(RECORDS SUPPLIED Opens)
lemma dH_less_imp:
  fixes C :: "'a::metric_space set"
  assumes "C \<noteq> {}" "D \<noteq> {}" "bounded C" "bounded D" and "dH C D < e"
  shows "c \<in> C \<Longrightarrow> \<exists>d\<in>D. dist c d < e" and "d \<in> D \<Longrightarrow> \<exists>c\<in>C. dist c d < e"
proof -
  have bound: "0 \<le> dist c d \<and> dist c d \<le> diameter (C \<union> D)" if "c \<in> C" "d \<in> D" for c d
    using that assms(3,4) by (auto intro: diameter_bounded_bound)
  show "c \<in> C \<Longrightarrow> \<exists>d\<in>D. dist c d < e" "d \<in> D \<Longrightarrow> \<exists>c\<in>C. dist c d < e"
    using hausdorff_gen_less_imp[OF assms(1,2) bound] assms(5) by (auto simp: dH_def)
qed

lemma dH_le_diameter:
  fixes X :: "'a::metric_space set"
  assumes "bounded X" "C \<noteq> {}" "C \<subseteq> X" "D \<noteq> {}" "D \<subseteq> X"
  shows "dH C D \<le> diameter X"
  by (rule dH_le) (use assms in \<open>auto intro!: diameter_bounded_bound\<close>)

lemma finite_dH_le_dist:
  fixes C :: "'a::metric_space set"
  assumes "finite C" "finite D" "C \<noteq> {}" "D \<noteq> {}"
  obtains c d where "c \<in> C" "d \<in> D" "dH C D \<le> dist c d"
proof -
  let ?M = "Max (case_prod dist ` (C \<times> D))"
  have fin: "finite (case_prod dist ` (C \<times> D))" using assms by simp
  have "?M \<in> case_prod dist ` (C \<times> D)" using assms by (intro Max_in fin) auto
  then obtain c d where cd: "c \<in> C" "d \<in> D" "?M = dist c d" by auto
  have "dist c' d' \<le> ?M" if "c' \<in> C" "d' \<in> D" for c' d'
    using that by (intro Max_ge fin) auto
  then have "dH C D \<le> ?M" using cd by (intro dH_le) (use assms in auto)
  then show ?thesis using that cd by simp
qed

lemma Fn_memD: "A \<in> Fn n X \<Longrightarrow> A \<noteq> {} \<and> A \<subseteq> X \<and> finite A"
  by (simp add: Fn_def)

lemma F1_memD: "E \<in> F1 X \<Longrightarrow> E \<noteq> {} \<and> E \<subseteq> X"
  by (auto simp: F1_def)

lemma not_in_F1_imp_two_points:
  assumes "A \<noteq> {}" "A \<subseteq> X" "A \<notin> F1 X"
  obtains a1 a2 where "a1 \<in> A" "a2 \<in> A" "a1 \<noteq> a2"
proof -
  obtain a where "a \<in> A" using assms(1) by blast
  moreover have "A \<noteq> {a}" using assms(2,3) \<open>a \<in> A\<close> by (auto simp: F1_def)
  ultimately show ?thesis using that by blast
qed

lemma F1_Un_qmap: "F1 X \<union> qmap X C = insert C (F1 X)"
  by (auto simp: qmap_def)

lemma insert_F1_memD:
  assumes "C \<noteq> {}" "C \<subseteq> X" "E \<in> insert C (F1 X)"
  shows "E \<noteq> {} \<and> E \<subseteq> X"
  using assms F1_memD by blast

lemma rho_qmap_le_dH:
  fixes X :: "'a::metric_space set"
  assumes "bounded X" "C \<noteq> {}" "C \<subseteq> X" "D \<noteq> {}" "D \<subseteq> X"
  shows "rho X (qmap X C) (qmap X D) \<le> dH C D"
proof -
  have nonneg: "0 \<le> dH E E'" if "E \<in> insert C (F1 X)" "E' \<in> insert D (F1 X)" for E E'
    using insert_F1_memD[OF assms(2,3) that(1)] insert_F1_memD[OF assms(4,5) that(2)]
    by (meson dH_nonneg bounded_subset assms(1))
  have self: "dH E E \<le> dH C D" if "E \<in> F1 X" for E
  proof -
    have "dH E E \<le> 0" using F1_memD[OF that] by (intro dH_le) auto
    also have "0 \<le> dH C D" by (rule nonneg) auto
    finally show ?thesis .
  qed
  show ?thesis
    unfolding rho_def F1_Un_qmap
  proof (rule hausdorff_gen_le)
    show "\<exists>E'\<in>insert D (F1 X). dH E E' \<le> dH C D" if "E \<in> insert C (F1 X)" for E
      using that self by blast
    show "\<exists>E\<in>insert C (F1 X). dH E E' \<le> dH C D" if "E' \<in> insert D (F1 X)" for E'
      using that self by blast
  qed (use nonneg in auto)
qed

lemma rho_qmap_less_imp:
  fixes X :: "'a::metric_space set"
  assumes "bounded X" "A \<subseteq> X" "a1 \<in> A" "a2 \<in> A" "B \<noteq> {}" "B \<subseteq> X"
    and "rho X (qmap X A) (qmap X B) < e" and "e \<le> dist a1 a2 / 2"
  shows "B \<notin> F1 X \<and> dH A B < e"
proof -
  have "A \<noteq> {}" using assms(3) by blast
  have bound: "0 \<le> dH E E' \<and> dH E E' \<le> diameter X"
    if "E \<in> insert A (F1 X)" "E' \<in> insert B (F1 X)" for E E'
    using insert_F1_memD[OF \<open>A \<noteq> {}\<close> assms(2) that(1)] insert_F1_memD[OF assms(5,6) that(2)]
    by (meson dH_nonneg dH_le_diameter bounded_subset assms(1))
  have "hausdorff_gen dH (insert A (F1 X)) (insert B (F1 X)) < e"
    using assms(7) by (simp add: rho_def F1_Un_qmap)
  then have "\<exists>E\<in>insert B (F1 X). dH A E < e"
    by (intro hausdorff_gen_less_imp(1)[where K = "diameter X"]) (use bound in auto)
  then obtain E where E: "E \<in> insert B (F1 X)" "dH A E < e" by blast
  have "E \<notin> F1 X"
  proof
    assume "E \<in> F1 X"
    then obtain x where x: "E = {x}" "x \<in> X" by (auto simp: F1_def)
    have "bounded A" using assms(1,2) by (rule bounded_subset)
    then have "\<exists>d\<in>E. dist a d < e" if "a \<in> A" for a
      using dH_less_imp(1)[OF \<open>A \<noteq> {}\<close> _ _ _ E(2) that] x by auto
    then have "dist a1 x < e" "dist a2 x < e" using assms(3,4) x(1) by auto
    then show False using dist_triangle2[of a1 a2 x] assms(8) by linarith
  qed
  then show ?thesis using E by auto
qed

lemma open_in_metric_Fn_of_open:
  assumes "open_in_metric X dist U"
  shows "open_in_metric (Fn n X) dH (Fn n U)"
  unfolding open_in_metric_def
proof (intro conjI ballI)
  show "Fn n U \<subseteq> Fn n X" using assms by (auto simp: open_in_metric_def Fn_def)
  fix A assume A: "A \<in> Fn n U"
  then have A_props: "A \<noteq> {}" "A \<subseteq> U" "finite A" using Fn_memD by auto
  obtain r where r: "\<And>a. a \<in> A \<Longrightarrow> r a > 0 \<and> (\<forall>y\<in>X. dist a y < r a \<longrightarrow> y \<in> U)"
    using assms A_props(2) unfolding open_in_metric_def by (metis subsetD)
  define e where "e = Min (r ` A)"
  have e_pos: "e > 0" using r A_props by (simp add: e_def)
  have e_le: "e \<le> r a" if "a \<in> A" for a using A_props(3) that by (simp add: e_def)
  have "B \<in> Fn n U" if B: "B \<in> Fn n X" "dH A B < e" for B
  proof -
    have "b \<in> U" if "b \<in> B" for b
    proof -
      obtain a where "a \<in> A" "dist a b < e"
        using dH_less_imp(2)[OF _ _ _ _ B(2) \<open>b \<in> B\<close>] A_props Fn_memD[OF B(1)] by blast
      then show ?thesis using r e_le Fn_memD[OF B(1)] \<open>b \<in> B\<close> by fastforce
    qed
    then show ?thesis using B(1) by (auto simp: Fn_def)
  qed
  then show "\<exists>e>0. \<forall>B\<in>Fn n X. dH A B < e \<longrightarrow> B \<in> Fn n U" using e_pos by blast
qed

lemma open_in_metric_qmap_image:
  fixes X :: "'a::metric_space set"
  assumes "bounded X" "open_in_metric (Fn n X) dH U"
  shows "open_in_metric (SFn n X) (rho X) (qmap X ` (U - F1 X))"
  unfolding open_in_metric_def
proof (intro conjI ballI)
  have UF: "U \<subseteq> Fn n X" using assms(2) by (simp add: open_in_metric_def)
  then show "qmap X ` (U - F1 X) \<subseteq> SFn n X" by (auto simp: SFn_def)
  fix c assume "c \<in> qmap X ` (U - F1 X)"
  then obtain A where A: "A \<in> U" "A \<notin> F1 X" "c = qmap X A" by blast
  have AX: "A \<noteq> {}" "A \<subseteq> X" using Fn_memD A(1) UF by auto
  obtain a1 a2 where a12: "a1 \<in> A" "a2 \<in> A" "a1 \<noteq> a2"
    using not_in_F1_imp_two_points[OF AX A(2)] by blast
  obtain r where r: "r > 0" "\<forall>B\<in>Fn n X. dH A B < r \<longrightarrow> B \<in> U"
    using assms(2) A(1) by (auto simp: open_in_metric_def)
  let ?e = "min r (dist a1 a2 / 2)"
  show "\<exists>e>0. \<forall>p\<in>SFn n X. rho X c p < e \<longrightarrow> p \<in> qmap X ` (U - F1 X)"
  proof (intro exI[of _ ?e] conjI ballI impI)
    show "?e > 0" using r a12 by simp
    fix p assume p: "p \<in> SFn n X" "rho X c p < ?e"
    then obtain B where B: "B \<in> Fn n X" "p = qmap X B" by (auto simp: SFn_def)
    have "B \<notin> F1 X \<and> dH A B < ?e"
      by (rule rho_qmap_less_imp[OF assms(1) AX(2) a12(1,2)]) (use Fn_memD[OF B(1)] A B p in auto)
    then show "p \<in> qmap X ` (U - F1 X)" using r B by auto
  qed
qed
(RECORDS SUPPLIED Closes)
Copy out only the lines of the records above from the one with "then obtain x" through the one with "using dH_less_imp(1)[OF \<open>A", exactly as they stand, both included.

> TASK RESPONSE
    then obtain x where x: "E = {x}" "x \<in> X" by (auto simp: F1_def)
    have "bounded A" using assms(1,2) by (rule bounded_subset)
    then have "\<exists>d\<in>E. dist a d < e" if "a \<in> A" for a
      using dH_less_imp(1)[OF \<open>A \<noteq> {}\<close> _ _ _ E(2) that] x by auto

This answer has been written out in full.